* What you are asked to do
Copy out, precisely as given, the lines from the line with "by (simp add: moment_def)" to the end of the entries that follow.
:::::
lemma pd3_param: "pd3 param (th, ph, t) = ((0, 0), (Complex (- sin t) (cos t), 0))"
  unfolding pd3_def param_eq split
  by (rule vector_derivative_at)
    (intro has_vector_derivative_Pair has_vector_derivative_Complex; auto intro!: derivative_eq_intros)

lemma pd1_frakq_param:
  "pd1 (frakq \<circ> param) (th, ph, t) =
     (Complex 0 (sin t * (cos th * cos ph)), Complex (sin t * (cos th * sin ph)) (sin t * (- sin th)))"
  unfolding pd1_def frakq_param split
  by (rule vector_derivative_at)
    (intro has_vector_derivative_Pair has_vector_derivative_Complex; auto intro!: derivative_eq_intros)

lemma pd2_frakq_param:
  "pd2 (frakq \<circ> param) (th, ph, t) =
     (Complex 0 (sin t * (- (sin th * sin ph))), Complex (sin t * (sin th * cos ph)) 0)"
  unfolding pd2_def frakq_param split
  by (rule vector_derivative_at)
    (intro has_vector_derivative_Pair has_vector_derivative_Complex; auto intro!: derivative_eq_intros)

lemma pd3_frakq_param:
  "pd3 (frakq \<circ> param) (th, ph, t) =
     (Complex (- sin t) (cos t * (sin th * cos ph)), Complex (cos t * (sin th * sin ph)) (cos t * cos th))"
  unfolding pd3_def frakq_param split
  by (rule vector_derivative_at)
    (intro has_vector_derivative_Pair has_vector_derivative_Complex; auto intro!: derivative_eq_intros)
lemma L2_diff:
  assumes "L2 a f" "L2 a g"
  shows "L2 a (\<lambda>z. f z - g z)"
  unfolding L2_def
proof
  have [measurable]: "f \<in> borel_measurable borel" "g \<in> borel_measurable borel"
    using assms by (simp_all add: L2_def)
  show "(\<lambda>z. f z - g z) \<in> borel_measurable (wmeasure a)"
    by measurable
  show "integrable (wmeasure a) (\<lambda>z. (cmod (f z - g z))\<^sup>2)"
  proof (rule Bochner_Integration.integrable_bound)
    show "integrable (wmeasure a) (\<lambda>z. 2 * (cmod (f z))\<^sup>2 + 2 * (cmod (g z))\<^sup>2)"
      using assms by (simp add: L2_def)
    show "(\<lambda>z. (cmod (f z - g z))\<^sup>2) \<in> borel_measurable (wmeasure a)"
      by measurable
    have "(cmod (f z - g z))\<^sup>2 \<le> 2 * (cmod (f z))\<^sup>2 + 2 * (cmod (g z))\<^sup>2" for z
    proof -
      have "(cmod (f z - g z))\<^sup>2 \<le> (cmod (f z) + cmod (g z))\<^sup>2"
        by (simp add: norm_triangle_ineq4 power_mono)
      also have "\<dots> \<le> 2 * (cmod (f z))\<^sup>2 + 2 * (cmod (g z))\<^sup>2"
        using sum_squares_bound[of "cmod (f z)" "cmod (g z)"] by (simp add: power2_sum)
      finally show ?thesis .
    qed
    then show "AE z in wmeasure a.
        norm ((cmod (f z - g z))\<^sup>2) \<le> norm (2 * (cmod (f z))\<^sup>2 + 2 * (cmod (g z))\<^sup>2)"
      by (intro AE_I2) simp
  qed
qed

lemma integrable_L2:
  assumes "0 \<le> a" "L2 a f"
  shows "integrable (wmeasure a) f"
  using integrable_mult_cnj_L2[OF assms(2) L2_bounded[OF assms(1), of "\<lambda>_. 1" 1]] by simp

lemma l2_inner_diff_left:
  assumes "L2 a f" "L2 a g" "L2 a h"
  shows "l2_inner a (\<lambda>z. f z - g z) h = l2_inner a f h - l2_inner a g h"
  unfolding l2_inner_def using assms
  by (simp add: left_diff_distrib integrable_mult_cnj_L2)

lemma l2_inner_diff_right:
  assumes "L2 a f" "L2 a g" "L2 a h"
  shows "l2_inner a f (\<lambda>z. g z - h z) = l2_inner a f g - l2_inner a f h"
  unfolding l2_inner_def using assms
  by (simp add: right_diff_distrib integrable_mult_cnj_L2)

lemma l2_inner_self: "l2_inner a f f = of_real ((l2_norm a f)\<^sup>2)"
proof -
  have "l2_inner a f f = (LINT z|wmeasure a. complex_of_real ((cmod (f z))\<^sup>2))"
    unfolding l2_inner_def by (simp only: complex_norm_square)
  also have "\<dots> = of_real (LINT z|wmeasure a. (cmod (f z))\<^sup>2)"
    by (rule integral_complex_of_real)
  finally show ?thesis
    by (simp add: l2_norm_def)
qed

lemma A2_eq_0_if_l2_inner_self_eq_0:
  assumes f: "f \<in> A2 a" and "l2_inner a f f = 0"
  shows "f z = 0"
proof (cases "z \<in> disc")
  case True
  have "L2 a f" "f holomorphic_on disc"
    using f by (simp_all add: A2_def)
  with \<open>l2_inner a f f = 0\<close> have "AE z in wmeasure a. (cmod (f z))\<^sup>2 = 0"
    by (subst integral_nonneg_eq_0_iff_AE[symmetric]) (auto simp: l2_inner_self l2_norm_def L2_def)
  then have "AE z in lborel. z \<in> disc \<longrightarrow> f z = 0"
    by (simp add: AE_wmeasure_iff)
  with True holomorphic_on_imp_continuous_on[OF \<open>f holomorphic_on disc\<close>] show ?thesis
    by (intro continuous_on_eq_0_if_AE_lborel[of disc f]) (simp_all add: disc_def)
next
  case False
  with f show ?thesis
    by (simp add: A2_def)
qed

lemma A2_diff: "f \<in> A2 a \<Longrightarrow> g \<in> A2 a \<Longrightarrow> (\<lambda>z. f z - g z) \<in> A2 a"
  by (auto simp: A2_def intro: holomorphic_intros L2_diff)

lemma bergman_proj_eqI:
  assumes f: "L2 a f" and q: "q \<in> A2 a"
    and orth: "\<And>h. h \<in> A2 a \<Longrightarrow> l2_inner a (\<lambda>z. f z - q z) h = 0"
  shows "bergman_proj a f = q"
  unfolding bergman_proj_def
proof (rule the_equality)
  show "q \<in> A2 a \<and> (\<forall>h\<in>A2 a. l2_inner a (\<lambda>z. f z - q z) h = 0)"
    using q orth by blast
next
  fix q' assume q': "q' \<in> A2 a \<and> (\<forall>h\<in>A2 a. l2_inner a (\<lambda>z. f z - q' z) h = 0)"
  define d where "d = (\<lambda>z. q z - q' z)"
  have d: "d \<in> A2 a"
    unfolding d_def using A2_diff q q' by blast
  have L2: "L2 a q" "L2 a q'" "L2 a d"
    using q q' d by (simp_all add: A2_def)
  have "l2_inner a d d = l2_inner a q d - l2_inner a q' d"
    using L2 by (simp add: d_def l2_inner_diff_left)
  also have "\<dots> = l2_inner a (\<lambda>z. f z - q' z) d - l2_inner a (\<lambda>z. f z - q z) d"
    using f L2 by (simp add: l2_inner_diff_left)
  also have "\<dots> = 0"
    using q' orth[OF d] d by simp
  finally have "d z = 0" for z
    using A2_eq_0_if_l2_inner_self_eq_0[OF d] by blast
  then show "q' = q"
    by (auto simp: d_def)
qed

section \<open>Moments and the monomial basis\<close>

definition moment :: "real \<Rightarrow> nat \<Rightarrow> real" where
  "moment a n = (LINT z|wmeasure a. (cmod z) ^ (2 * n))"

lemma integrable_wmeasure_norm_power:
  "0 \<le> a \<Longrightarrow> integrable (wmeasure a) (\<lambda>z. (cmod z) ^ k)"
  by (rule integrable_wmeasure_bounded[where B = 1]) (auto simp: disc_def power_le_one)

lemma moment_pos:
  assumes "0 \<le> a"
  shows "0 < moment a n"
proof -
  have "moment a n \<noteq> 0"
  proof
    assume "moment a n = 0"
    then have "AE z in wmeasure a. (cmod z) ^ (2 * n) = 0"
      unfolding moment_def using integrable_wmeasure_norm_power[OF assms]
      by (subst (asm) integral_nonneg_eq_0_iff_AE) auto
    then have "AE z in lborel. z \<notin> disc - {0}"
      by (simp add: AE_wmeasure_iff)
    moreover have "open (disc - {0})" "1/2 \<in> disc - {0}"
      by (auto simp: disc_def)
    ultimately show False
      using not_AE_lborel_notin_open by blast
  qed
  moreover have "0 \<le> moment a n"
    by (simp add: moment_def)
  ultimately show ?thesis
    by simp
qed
:::::
* Final answer
    by (simp add: moment_def)
  ultimately show ?thesis
    by simp
qed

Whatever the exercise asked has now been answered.